I wonder what programmers at the time would think of CPUs eventually being so good at handling loops that unrolling changes from an optimisation technique to be performed manually, to one that compilers might sometimes do, to an anti-optimisation:
by eliminating all instances of Duff's Device from the XFree86 4.0 server, the server shrunk in size by _half_ _a_ _megabyte_ (!!!), and was faster to boot
It seems from his comments that the idea of a compiler being able to do it better in some circumstances wasn't completely outlandish.
> Don't try to be smarter than an over-clever C compiler that recognizes loops that implement block move or block clear and compiles them into machine idioms.

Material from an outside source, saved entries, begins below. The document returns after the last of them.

(* Let $n\ge1$, $1\le i\le n$ be integers, $\alpha,\beta>0$, $\tau\ge0$ with $i\beta(\tau+1)>\tau$. Put $a=\frac{(n-i+1)\tau\beta+(n-i+1)\beta+\tau}{\beta}$ and, for $k\in\{0,1,2\}$, $b_k=\frac{i\tau\beta+(i+k)\beta-\tau}{\beta}$, and let $P=\left(\frac{\beta}{\alpha}\right)^{\tau}\frac{c(i,n)^{\tau+1}}{\beta^2}$. Then $$J^{(i)}_\tau(\beta)=C_1+C_2+C_3+C_4-C_5-C_6,$$ where $C_1=P\,B(a,b_0)$, $C_2=P\,i^2B(a,b_0)\left[\Psi'(b_0)+\Psi'(a)+(\Psi(b_0)-\Psi(a))^2\right]$, $C_3=P\,(n+1)^2B(a,b_2)\left[\Psi'(b_2)+\Psi'(a)+(\Psi(b_2)-\Psi(a))^2\right]$, $C_4=P\,2i\,B(a,b_0)\left[\Psi(b_0)-\Psi(a)\right]$, $C_5=P\,2(n+1)B(a,b_1)\left[\Psi(b_1)-\Psi(a)\right]$, $C_6=P\,2i(n+1)B(a,b_1)\left[\Psi'(b_1)+\Psi'(a)+(\Psi(b_1)-\Psi(a))^2\right]$.
   Context: $c(i,n)=\frac{n!}{(n-i)!(i-1)!}$ and $f^{(i)}_{\alpha,\beta}(x)=\frac{c(i,n)\beta (x/\alpha)^{i\beta-1}}{\alpha(1+(x/\alpha)^\beta)^{n+1}}$, $x>0$, is the density of the $i$-th order statistic of a sample of size $n$ from the log-logistic distribution with scale $\alpha$ and shape $\beta$. With $\alpha$ regarded as known, $J^{(i)}_\tau(\beta)=\int_0^\infty\left(\frac{\partial}{\partial\beta}\log f^{(i)}_{\alpha,\beta}(x)\right)^2 f^{(i)}_{\alpha,\beta}(x)^{\tau+1}dx$. $B$ is the Beta function, $\Psi$ the digamma function and $\Psi'$ its derivative (trigamma function). *)

theory Defs
  imports "HOL-Analysis.Analysis"
begin

definition ccoef :: "nat \<Rightarrow> nat \<Rightarrow> real" where
  "ccoef i n = fact n / (fact (n - i) * fact (i - 1))"

text \<open>Density of the i-th order statistic of a sample of size n from the
  log-logistic distribution with scale alpha and shape beta (for x > 0).\<close>
definition ll_os_density :: "nat \<Rightarrow> nat \<Rightarrow> real \<Rightarrow> real \<Rightarrow> real \<Rightarrow> real" where
  "ll_os_density i n \<alpha> \<beta> x =
     ccoef i n * \<beta> * (x / \<alpha>) powr (real i * \<beta> - 1)
     / (\<alpha> * (1 + (x / \<alpha>) powr \<beta>) ^ (n + 1))"

definition ll_os_score :: "nat \<Rightarrow> nat \<Rightarrow> real \<Rightarrow> real \<Rightarrow> real \<Rightarrow> real" where
  "ll_os_score i n \<alpha> \<beta> x = deriv (\<lambda>b. ln (ll_os_density i n \<alpha> b x)) \<beta>"

definition J_tau :: "nat \<Rightarrow> nat \<Rightarrow> real \<Rightarrow> real \<Rightarrow> real \<Rightarrow> real" where
  "J_tau i n \<tau> \<alpha> \<beta> =
     (LINT x:{0<..}|lborel. (ll_os_score i n \<alpha> \<beta> x)\<^sup>2 * (ll_os_density i n \<alpha> \<beta> x) powr (\<tau> + 1))"

end

theory Submission
  imports Defs "HOL-Real_Asymp.Real_Asymp"
begin

(*
  With y = x / alpha, the substitution t = y^beta / (1 + y^beta), i.e. x = alpha exp (logit t / beta),
  maps (0, infinity) onto (0, 1).  It turns the score into (1 + i L - (n + 1) t L) / beta, where
  L = logit t = ln (t / (1 - t)), and f^(tau+1) dx into (beta/alpha)^tau c(i,n)^(tau+1) times the Beta
  kernel t^(b0 - 1) (1 - t)^(a - 1) dt.  Expanding the square (a factor t only raises b0 by one),
  J becomes a combination of the logit moments  int_0^1 L^j t^(p-1) (1-t)^(q-1) dt  with j <= 2.
  Because t^(p+h-1) (1-t)^(q-h-1) = t^(p-1) (1-t)^(q-1) exp (h L), these moments are the successive
  derivatives of x |-> B(x, p + q - x) at x = p; differentiating under the integral sign and
  B(x, s - x) = Gamma(x) Gamma(s - x) / Gamma(s) yields the digamma and trigamma expressions.
*)

section \<open>Logit moments of the Beta kernel\<close>

definition beta_kernel :: "real \<Rightarrow> real \<Rightarrow> real \<Rightarrow> real" where
  "beta_kernel p q t = t powr (p - 1) * (1 - t) powr (q - 1)"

Some of that can be attributed to the fact that there are multiple integer and floating point units, so the loop counter is often totally inconsequential.
"A second poster tried the test, but botched the implementation, proving only that with diligence it is possible to make anything run slowly."
This made me laugh. "with diligence it is possible to make anything run slowly" should be one of the truths carved into an obelisk outside every CompSci department or at least on a t-shirt.
This is a very useful technique for making event driven parsers. I remember being surprised that the case statements didn't all have to be in the same scoping level, but it's true.
http://www.agner.org/optimize/blog/read.php?i=142
It is so important to economize the use of the micro-op cache that I would give the advice never to unroll loops.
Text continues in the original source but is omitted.